We rely on Standard Contractual Clauses (SCCs) approved by the European Commission
Our subprocessors maintain appropriate certifications and data processing agreements
We implement technical and organizational measures to protect data during transfer

By using our Service, you acknowledge that your data may be transferred to and processed in countries with different data protection laws than your jurisdiction.

8. Security

We implement industry-standard technical and organizational security measures, including encryption in transit, access controls, monitoring, and secure credential management.

While we implement industry-standard security measures, no method of transmission or storage is 100% secure. We cannot guarantee absolute security.

9. Data Subject Rights and Requests

9.1 Your Rights

Depending on your jurisdiction, you may have the following rights:

Access: Request a copy of personal data we hold about you
Correction: Request correction of inaccurate data
Deletion: Request deletion of your personal data
Restriction: Request restriction of processing
Portability: Request data in a portable format
Objection: Object to processing based on legitimate interests
Withdraw Consent: Withdraw consent where processing is based on consent

9.2 For Merchants

To exercise your rights regarding your account or store data:

Email us at support@lapio.ai with your request
We will respond within 30 days (or sooner as required by law)
You may also delete your data by uninstalling the app

9.3 For End Customers

If you are a customer of a merchant using Lapio.ai and wish to exercise your data rights:

Contact the merchant first - The merchant is the data controller for your purchase data
The merchant can submit requests to us on your behalf
You may also contact us directly at support@lapio.ai, and we will work with the merchant to fulfill your request

10. Shopify Platform Compliance

10.1 Mandatory Compliance Webhooks

We comply with Shopify's platform requirements for data handling, including responding to Shopify's mandatory compliance webhooks:

Customer Data Request (customers/data_request): When Shopify forwards a request from a customer to access their data, we provide the requested information to the merchant
Customer Redaction (customers/redact): When Shopify requests deletion of a specific customer's data, we remove or anonymize that customer's information from our systems
Shop Redaction (shop/redact): When a merchant uninstalls the app and Shopify requests shop data deletion, we delete all associated shop and customer data

10.2 Merchant Responsibilities

As a Shopify merchant using our Service, you are responsible for:

Ensuring you have appropriate legal basis to share customer data with us
Maintaining your own privacy policy that discloses use of third-party apps like Lapio.ai
Responding to your customers' data subject requests
Forwarding relevant requests to us when needed

11. Cookies and Tracking

11.1 Essential Cookies

Our Service uses essential cookies and session tokens necessary for:

Authentication and login sessions
Security (CSRF protection)
Remembering your preferences within the app

11.2 What We Don't Use

In the Shopify admin context, we do NOT use:

Third-party advertising cookies
Cross-site tracking
Social media tracking pixels

11.3 Landing Page

Our public website (lapio.ai) uses:

Google reCAPTCHA for bot protection and form security
Essential cookies for site functionality

12. Children's Privacy

Our Service is intended for business use by Shopify merchants. We do not knowingly collect personal information from children under 16 (or the applicable age of digital consent in your jurisdiction).

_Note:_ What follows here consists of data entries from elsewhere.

lemma has_holomorphic_extension_statLG_norm:
  assumes "- Min (\<beta> ` {1..N}) < x"
  shows "has_holomorphic_extension (\<lambda>u. statLG_norm N \<beta> u v) x"
proof (rule has_holomorphic_extension_cong)
  let ?a = "\<lambda>z. ln (Vsum N (fst z) (snd z))"
  note weight_eq = statLG_weight_eq_exp_ln_Vsum[OF N_ge_1]
  show "has_holomorphic_extension (\<lambda>u. \<integral>z. statLG_weight N \<beta> 0 v z * exp (- u * ?a z) \<partial>(RN N \<Otimes>\<^sub>M RN N)) x"
  proof (rule has_holomorphic_extension_laplace[where c = "- Min (\<beta> ` {1..N})" and d = "x + 1"])
    show "(\<integral>\<^sup>+z. ennreal (statLG_weight N \<beta> 0 v z * exp (- u * ?a z)) \<partial>(RN N \<Otimes>\<^sub>M RN N)) < \<infinity>"
      if "- Min (\<beta> ` {1..N}) < u" for u
      unfolding weight_eq by (rule statLG_norm_eq_pair_integral(2)[OF that])
  qed (use assms statLG_weight_nonneg in auto)
  show "0 < x + Min (\<beta> ` {1..N})" using assms by simp
  show "statLG_norm N \<beta> y v = (\<integral>z. statLG_weight N \<beta> 0 v z * exp (- y * ?a z) \<partial>(RN N \<Otimes>\<^sub>M RN N))"
    if "\<bar>y - x\<bar> < x + Min (\<beta> ` {1..N})" for y
    unfolding weight_eq using that by (intro statLG_norm_eq_pair_integral(1)) simp
qed

lemma statLG_norm_pos:
  assumes "- Min (\<beta> ` {1..N}) < u"
  shows "0 < statLG_norm N \<beta> u v"
  unfolding statLG_norm_eq_pair_integral(1)[OF assms]
proof (rule integral_pos_if_pos)
  show "integrable (RN N \<Otimes>\<^sub>M RN N) (statLG_weight N \<beta> u v)"
    using statLG_norm_eq_pair_integral(2)[OF assms] by (intro integrableI_bounded) (auto simp: statLG_weight_nonneg)
  show "emeasure (RN N \<Otimes>\<^sub>M RN N) (space (RN N \<Otimes>\<^sub>M RN N)) \<noteq> 0"
    by (intro emeasure_space_pair_nonzero sigma_finite_RN emeasure_space_RN_nonzero)
qed (rule statLG_weight_pos)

If you believe we have inadvertently collected such information, please contact us at support@lapio.ai, and we will promptly delete it.

13. Changes to This Policy

We may update this Privacy Policy from time to time. When we make material changes:

We will update the "Last Updated" date at the top
We will notify you via email or prominent notice in the Service
Continued use after changes constitutes acceptance of the updated policy

We encourage you to review this policy periodically.

14. Contact Us

If you have questions, concerns, or requests regarding this Privacy Policy or our data practices:

Email: support@lapio.ai

This Privacy Policy is specific to the Lapio.ai Shopify application and the services described herein.